lemma conductance_bound_from_mean:
  fixes n m mu sig c L M1 B2 a b :: real
  assumes n: "1 \<le> n" and mu: "a \<le> mu" "mu \<le> b" and a: "0 < a" and sg: "0 \<le> sig" "sig \<le> (b-a)^2"
    and m: "a*n \<le> m" and th: "\<bar>m - mu*n + sig/mu*L\<bar> \<le> M1"
    and L: "0 \<le> L" "L \<le> n" "L^2 \<le> 4*n"
    and c: "0 \<le> c - 1/m" "c - 1/m \<le> B2/(a^3*n^2)"
  shows "\<bar>c - 1/(mu*n) - sig*L/(mu^3*n^2)\<bar> \<le> (B2/a^3 + (4*((b-a)^2/a)^2 + (b-a)^2/a*M1)/a^3 + M1/a^2) / n^2"
proof -
  define S where "S = sig/mu"
  define th where "th = m - mu*n + S*L"
  have mup: "0 < mu" using mu a by simp
  have np: "0 < n" using n by simp
  have mp: "0 < m" using m a np by (smt (verit) mult_pos_pos)
  have S0: "0 \<le> S" using sg mup by (simp add: S_def)
  have S1: "S \<le> (b-a)^2/a" unfolding S_def using sg mu a mup
    by (meson divide_left_mono dual_order.trans mult_pos_pos order.refl zero_le_power2 frac_le)
  have thb: "\<bar>th\<bar> \<le> M1" using th by (simp add: th_def S_def)
  have M1: "0 \<le> M1" using thb by simp
  have key: "1/m - 1/(mu*n) - S*L/(mu^2*n^2) = S*L*(S*L - th)/(m*mu^2*n^2) - th/(m*mu*n)"
    using inverse_second_order_identity[of m "mu*n" "S*L"] mp mup np by (simp add: th_def power_mult_distrib)
  have e2: "sig*L/(mu^3*n^2) = S*L/(mu^2*n^2)" using mup by (simp add: S_def field_simps power2_eq_square power3_eq_cube)
  have quadratic_term: "\<bar>S*L*(S*L - th)/(m*mu^2*n^2)\<bar> \<le> (4*((b-a)^2/a)^2 + (b-a)^2/a*M1)/(a^3*n^2)"
  proof -
    have num1: "\<bar>S*L*(S*L - th)\<bar> \<le> S*L*(S*L + M1)"
    proof -
      have LS: "0 \<le> S*L" using S0 L by simp
      have t1: "th \<le> M1" "- th \<le> M1" using thb by auto
      have "\<bar>S*L - th\<bar> \<le> S*L + M1" unfolding abs_le_iff using LS t1 by (intro conjI) linarith+
      then have "S*L*\<bar>S*L - th\<bar> \<le> S*L*(S*L + M1)" using LS by (intro mult_left_mono) auto
      then show ?thesis using LS S0 L by (simp add: abs_mult)
    qed
    have num2: "S*L*(S*L + M1) \<le> (4*((b-a)^2/a)^2 + (b-a)^2/a*M1) * n"
    proof -
      have "S*L*(S*L + M1) = S^2*L^2 + S*L*M1" by (simp add: algebra_simps power2_eq_square)
      also have "\<dots> \<le> ((b-a)^2/a)^2*(4*n) + (b-a)^2/a*n*M1"
        using S0 S1 L M1 a np by (intro add_mono mult_mono power_mono) auto
      finally show ?thesis by (simp add: algebra_simps)
    qed
    have num: "\<bar>S*L*(S*L - th)\<bar> \<le> (4*((b-a)^2/a)^2 + (b-a)^2/a*M1) * n" using num1 num2 by linarith
    have den: "a^3*n^3 \<le> m*mu^2*n^2"
    proof -
      have "(a*n)*(a^2*n^2) \<le> m*(mu^2*n^2)" using m mu a np mp by (intro mult_mono) (auto intro!: power_mono)
      then show ?thesis by (simp add: algebra_simps power2_eq_square power3_eq_cube)
    qed
    have "\<bar>S*L*(S*L - th)/(m*mu^2*n^2)\<bar> = \<bar>S*L*(S*L - th)\<bar>/(m*mu^2*n^2)" using mp mup np by (simp add: abs_divide)
    also have "\<dots> \<le> (4*((b-a)^2/a)^2 + (b-a)^2/a*M1) * n/(a^3*n^3)"
      using num den a np by (intro frac_le) auto
    also have "\<dots> = (4*((b-a)^2/a)^2 + (b-a)^2/a*M1)/(a^3*n^2)" using np by (simp add: power2_eq_square power3_eq_cube)
    finally show ?thesis .
  qed
  have linear_term: "\<bar>th/(m*mu*n)\<bar> \<le> M1/(a^2*n^2)"
  proof -
    have den: "a^2*n^2 \<le> m*mu*n"
    proof -
      have "(a*n)*(a*n) \<le> m*(mu*n)" using m mu a np mp by (intro mult_mono) auto
      then show ?thesis by (simp add: algebra_simps power2_eq_square)
    qed
    have "\<bar>th/(m*mu*n)\<bar> = \<bar>th\<bar>/(m*mu*n)" using mp mup np by (simp add: abs_divide)
    also have "\<dots> \<le> M1/(a^2*n^2)" using thb den a np by (intro frac_le) auto
    finally show ?thesis .
  qed
  have eq: "c - 1/(mu*n) - sig*L/(mu^3*n^2) = (c - 1/m) + (S*L*(S*L - th)/(m*mu^2*n^2) - th/(m*mu*n))"
    unfolding e2 key[symmetric] by simp
  have "\<bar>c - 1/(mu*n) - sig*L/(mu^3*n^2)\<bar> \<le> \<bar>c - 1/m\<bar> + (\<bar>S*L*(S*L - th)/(m*mu^2*n^2)\<bar> + \<bar>th/(m*mu*n)\<bar>)"
    unfolding eq by (rule order_trans[OF abs_triangle_ineq add_left_mono[OF abs_triangle_ineq4]])
  also have "\<dots> \<le> B2/(a^3*n^2) + ((4*((b-a)^2/a)^2 + (b-a)^2/a*M1)/(a^3*n^2) + M1/(a^2*n^2))"
    using c quadratic_term linear_term by (intro add_mono) auto
  also have "\<dots> = (B2/a^3 + (4*((b-a)^2/a)^2 + (b-a)^2/a*M1)/a^3 + M1/a^2) / n^2"
    by (simp add: add_divide_distrib divide_divide_eq_left)
  finally show ?thesis .
qed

Work item.
Would you please copy exactly the part of the entries above that begins at the line containing "S0 L by simp" and ends at the line containing "(intro mult_left_mono) auto", both lines included?

Exercise output.
      have LS: "0 \<le> S*L" using S0 L by simp
      have t1: "th \<le> M1" "- th \<le> M1" using thb by auto
      have "\<bar>S*L - th\<bar> \<le> S*L + M1" unfolding abs_le_iff using LS t1 by (intro conjI) linarith+
      then have "S*L*\<bar>S*L - th\<bar> \<le> S*L*(S*L + M1)" using LS by (intro mult_left_mono) auto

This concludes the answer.